Find all the lines in the material below with the word "only", and copy them.

**Data for processing**
+===+

lemma sum_pos_weight_le_triangle:
  assumes "0 \<le> \<alpha>" "\<alpha> \<le> 1"
    and "\<forall>s\<in>{1..k}. \<alpha> * x (Suc s) \<le> x s \<and> x s \<le> x (Suc s)" "\<forall>s\<in>{1..k+1}. 0 \<le> x s"
    and "r \<in> {1..k+1}" "g r = 0" "\<forall>s\<in>{1..k+1}. g s \<le> x r + x s"
  shows "(\<Sum>s=1..k+1. pos_weight \<alpha> k s * g s) \<le> (1 + t_ext \<alpha> k) * x r"
  using assms(3-)
proof (induction k arbitrary: x g r)
  case 0
  then show ?case by simp
next
  case (Suc k)
  let ?w = "w_ext \<alpha> (Suc k)"
  define G where "G = (\<Sum>s=1..k+1. pos_weight \<alpha> k s * g (Suc s))"
  have w: "0 \<le> ?w" "?w \<le> 1" using assms(1,2) by (simp_all add: w_ext_nonneg w_ext_le_1)
  have lhs: "(\<Sum>s=1..Suc k+1. pos_weight \<alpha> (Suc k) s * g s) = ?w * g 1 + (1 - ?w) * G"
    by (simp only: sum_pos_weight_Suc G_def)
  show ?case
  proof (cases "r = 1")
    case True
    define S where "S = (\<Sum>s=1..k+1. pos_weight \<alpha> k s * x (Suc s))"
    have "G \<le> (\<Sum>s=1..k+1. pos_weight \<alpha> k s * (x 1 + x (Suc s)))"
      unfolding G_def using Suc.prems(5) True assms(1,2)
      by (intro sum_mono mult_left_mono) (auto simp: pos_weight_nonneg)
    also have "\<dots> = x 1 * (\<Sum>s=1..k+1. pos_weight \<alpha> k s) + S"
      by (simp add: S_def distrib_left sum.distrib sum_distrib_left mult.commute)
    finally have G: "G \<le> x 1 + S" by (simp only: sum_pos_weight mult_1_right)
    have S: "\<alpha> * S \<le> (2 * w_ext \<alpha> k + t_ext \<alpha> k) * x 1"
    proof -
      have "S \<le> (2 * w_ext \<alpha> k + t_ext \<alpha> k) * x 2"
        using sum_pos_weight_le_first[OF assms(1,2), of k "\<lambda>s. x (Suc s)"] Suc.prems(1,2)
        by (force simp: S_def numeral_2_eq_2)
      then have "\<alpha> * S \<le> (2 * w_ext \<alpha> k + t_ext \<alpha> k) * (\<alpha> * x 2)"
        using assms(1) by (simp add: mult_left_mono mult.left_commute)
      also have "\<dots> \<le> (2 * w_ext \<alpha> k + t_ext \<alpha> k) * x 1"
        using Suc.prems(1) assms(1,2)
        by (intro mult_left_mono) (auto simp: numeral_2_eq_2 two_w_ext_plus_t_ext_nonneg)
      finally show ?thesis .
    qed
    have "(1 - ?w) * G \<le> (1 + t_ext \<alpha> (Suc k)) * x 1"
    proof (cases "\<alpha> = 0")
      case True
      then show ?thesis using Suc.prems(2) by (simp add: w_ext_Suc t_ext_Suc)
    next
      case False
      have "\<alpha> * ((1 - ?w) * G) \<le> (1 - ?w) * (\<alpha> * x 1 + \<alpha> * S)"
        using G w assms(1) by (simp add: mult_left_mono distrib_left[symmetric] mult.left_commute)
      also have "\<dots> \<le> (1 - ?w) * ((\<alpha> + 2 * w_ext \<alpha> k + t_ext \<alpha> k) * x 1)"
        using S w by (intro mult_left_mono) (auto simp: algebra_simps)
      also have "\<dots> = \<alpha> * ((1 + t_ext \<alpha> (Suc k)) * x 1)"
        by (simp only: mult.assoc[symmetric] w_ext_Suc_identity[OF assms(1,2)])
      finally show ?thesis using False assms(1) by simp
    qed
    then show ?thesis unfolding lhs using True Suc.prems(4) by simp
  next
    case False
    have "G \<le> (1 + t_ext \<alpha> k) * x r"
      using Suc.IH[of "\<lambda>s. x (Suc s)" "r - 1" "\<lambda>s. g (Suc s)"] False Suc.prems
      by (force simp: G_def)
    moreover have "x 1 \<le> x r"
      by (rule steps_mono) (use Suc.prems(1,3) in auto)
    then have "g 1 \<le> 2 * x r" using Suc.prems(5) by force
    ultimately have "?w * g 1 + (1 - ?w) * G \<le> ?w * (2 * x r) + (1 - ?w) * ((1 + t_ext \<alpha> k) * x r)"
      using w by (intro add_mono mult_left_mono) auto
    then show ?thesis unfolding lhs by (simp add: t_ext_Suc algebra_simps)
  qed
qed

+===+

**The completed task**
    by (simp only: sum_pos_weight_Suc G_def)
    finally have G: "G \<le> x 1 + S" by (simp only: sum_pos_weight mult_1_right)
        by (simp only: mult.assoc[symmetric] w_ext_Suc_identity[OF assms(1,2)])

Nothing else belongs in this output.